(Dataset entries)

---

(* Let $(\mathbb{X},d_{\mathbb{X}})$ and $(\Xi,d_\Xi)$ be metric spaces, and let $P$, $P^\nu$ ($\nu\in\mathbb{N}$) be probability measures on $(\Xi,\mathcal{B}(\Xi))$ with $P^\nu$ converging weakly to $P$. Let $f,f^\nu:\Xi\times\mathbb{X}\to\overline{\mathbb{R}}$ satisfy, for each $x\in\mathbb{X}$: (a) $f(\cdot,x)$ and $f^\nu(\cdot,x)$, $\nu\in\mathbb{N}$, are measurable; (b) $\displaystyle\liminf_{K\to+\infty}\ \liminf_{(\nu,y)\to(+\infty,x)}\mathbb{E}^{P^\nu}\big[f^\nu(\xi,y)\,\mathbb{1}\{\xi:f^\nu(\xi,y)\le -K\}\big]=0$; (c) for $P$-a.e. $\xi\in\Xi$, $\displaystyle\liminf_{(\nu,y,\zeta)\to(+\infty,x,\xi)}f^\nu(\zeta,y)\ge f(\xi,x)$. Suppose moreover that for each $x\in\mathbb{X}$ either $E^P[f](x)=+\infty$ or there exists a sequence $\{x^\nu\}_{\nu\in\mathbb{N}}\subset\mathbb{X}$ converging to $x$ such that (i) $\displaystyle\limsup_{K\to+\infty}\ \limsup_{\nu\to+\infty}\mathbb{E}^{P^\nu}\big[f^\nu(\xi,x^\nu)\,\mathbb{1}\{\xi:f^\nu(\xi,x^\nu)\ge K\}\big]=0$; (ii) for $P$-a.e. $\xi\in\Xi$, $\displaystyle\limsup_{(\nu,\zeta)\to(+\infty,\xi)}f^\nu(\zeta,x^\nu)\le f(\xi,x)$. Then the functions $E^{P^\nu}[f^\nu]$ epi-converge to $E^{P}[f]$.
   Context: $\overline{\mathbb{R}}=\mathbb{R}\cup\{-\infty,+\infty\}$; weak convergence means $\int\varphi\,dP^\nu\to\int\varphi\,dP$ for all bounded continuous $\varphi$. For a probability $\mu$ and measurable $\overline{\mathbb{R}}$-valued $g$, $\mathbb{E}^\mu[g]:=\int g_+\,d\mu-\int g_-\,d\mu$ with conventions $+\infty-\alpha=+\infty$ for all $\alpha\in\overline{\mathbb{R}}$ and $\beta-(+\infty)=-\infty$ for $\beta\in\mathbb{R}$; $E^{Q}[h](x):=\mathbb{E}^{Q}[h(\xi,x)]$. $\mathbb{1}\{B\}$ is the indicator. Lower/upper limits: $\liminf_{(\nu,y)\to(+\infty,x)}a^\nu(y):=\lim_{\delta\downarrow0}\lim_{N\to\infty}\inf\{a^\nu(y):\nu\ge N, d_{\mathbb{X}}(y,x)<\delta\}$; $\liminf_{(\nu,y,\zeta)\to(+\infty,x,\xi)}f^\nu(\zeta,y)$ is defined analogously with $d_{\mathbb{X}}(y,x)<\delta$ and $d_\Xi(\zeta,\xi)<\delta$; $\limsup_{(\nu,\zeta)\to(+\infty,\xi)}a^\nu(\zeta):=\lim_{\delta\downarrow0}\lim_{N\to\infty}\sup\{a^\nu(\zeta):\nu\ge N, d_\Xi(\zeta,\xi)<\delta\}$. Functions $h^\nu:\mathbb{X}\to\overline{\mathbb{R}}$ epi-converge to $h$ if for every $x$: for every $x^\nu\to x$, $h(x)\le\liminf_\nu h^\nu(x^\nu)$, and there exists $x^\nu\to x$ with $h^\nu(x^\nu)\to h(x)$. *)

theory Defs
  imports "HOL-Probability.Probability"
begin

---

> [What is expected]: Quote, word for word, every line starting at the one that contains "theory Defs" and ending with the final line of the entries.

> [Exercise answer]:
theory Defs
  imports "HOL-Probability.Probability"
begin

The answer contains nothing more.